▶ **Your task**:
Find the string "unfolding" in the records. Copy each line that has it.

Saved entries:
=== Section Start ===

lemma ssyt_add_largest:
  assumes l: "sorted_wrt (\<ge>) l" and i: "corner_row l i" and T: "is_ssyt (remove_corner l i) t T"
  shows "is_ssyt l (t @ [1]) (T(i := (T i)(l ! i - 1 := Suc (length t))))"
proof -
  define p where "p = l ! i - 1"
  let ?T = "T(i := (T i)(p := Suc (length t)))"
  have cells': "cells (remove_corner l i) = cells l - {(i, p)}"
    using cells_remove_corner[OF i] by (simp add: p_def)
  have ip: "(i, p) \<in> cells l" and right: "(i, Suc p) \<notin> cells l" and below: "(Suc i, p) \<notin> cells l"
    using i by (auto simp: corner_row_def cells_def nth_default_def p_def)
  have bounds: "1 \<le> T a b \<and> T a b \<le> length t" if "(a, b) \<in> cells l - {(i, p)}" for a b
    using ssyt_entry_bounds[OF T] that by (simp add: cells')
  show ?thesis
    unfolding is_ssyt_def p_def[symmetric]
  proof (intro conjI allI impI ballI)
    fix a b assume "(a, b) \<notin> cells l"
    then show "?T a b = 0"
      using ssyt_outside[OF T, of a b] ip by (auto simp: cells')
  next
    fix x assume "x \<in> cells l"
    then show "case x of (a, b) \<Rightarrow> 1 \<le> ?T a b \<and> ?T a b \<le> length (t @ [1])"
      using bounds by fastforce
  next
    fix a b assume ab: "(a, Suc b) \<in> cells l"
    then have ab': "(a, b) \<in> cells l - {(i, p)}"
      using cells_left[OF ab] right by auto
    then show "?T a b \<le> ?T a (Suc b)"
      using ssyt_row_mono[OF T, of a b] ab bounds[OF ab'] by (auto simp: cells')
  next
    fix a b assume ab: "(Suc a, b) \<in> cells l"
    then have ab': "(a, b) \<in> cells l - {(i, p)}"
      using cells_up[OF l ab] below by auto
    then show "?T a b < ?T (Suc a) b"
      using ssyt_col_strict[OF T, of a b] ab bounds[OF ab'] by (auto simp: cells')
  next
    fix c assume c: "c \<in> {1..length (t @ [1])}"
    show "card {(a, b) \<in> cells l. ?T a b = c} = (t @ [1]) ! (c - 1)"
    proof (cases "c = Suc (length t)")
      case True
      then have "{(a, b) \<in> cells l. ?T a b = c} = {(i, p)}"
        using ip bounds by (force split: if_splits)
      with True show ?thesis by simp
    next
      case False
      then have "{(a, b) \<in> cells l. ?T a b = c} = {(a, b) \<in> cells l - {(i, p)}. T a b = c}"
        by auto
      with ssyt_card_entries[OF T, of c] c False show ?thesis
        by (auto simp: cells' nth_append)
    qed
  qed
qed

lemma card_ssyt_largest_at_corner:
  assumes l: "sorted_wrt (\<ge>) l" and i: "corner_row l i"
  shows "card {T. is_ssyt l (t @ [1]) T \<and> T i (l ! i - 1) = Suc (length t)} = kostka (remove_corner l i) t"
  unfolding kostka_def
proof (rule bij_betw_same_card[of "\<lambda>T. T(i := (T i)(l ! i - 1 := 0))"],
    rule bij_betw_byWitness[where f' = "\<lambda>T. T(i := (T i)(l ! i - 1 := Suc (length t)))"])
  have "T i (l ! i - 1) = 0" if "is_ssyt (remove_corner l i) t T" for T
    using that ssyt_outside cells_remove_corner[OF i] by blast
  then show "\<forall>T\<in>{T. is_ssyt (remove_corner l i) t T}.
      (\<lambda>T. T(i := (T i)(l ! i - 1 := 0))) (T(i := (T i)(l ! i - 1 := Suc (length t)))) = T"
    by (auto simp: fun_eq_iff)
qed (use ssyt_remove_largest[OF l i] ssyt_add_largest[OF l i] in \<open>auto simp: fun_eq_iff\<close>)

=== Section End ===

▶ **Reply to the task**:
    unfolding is_ssyt_def p_def[symmetric]
  unfolding kostka_def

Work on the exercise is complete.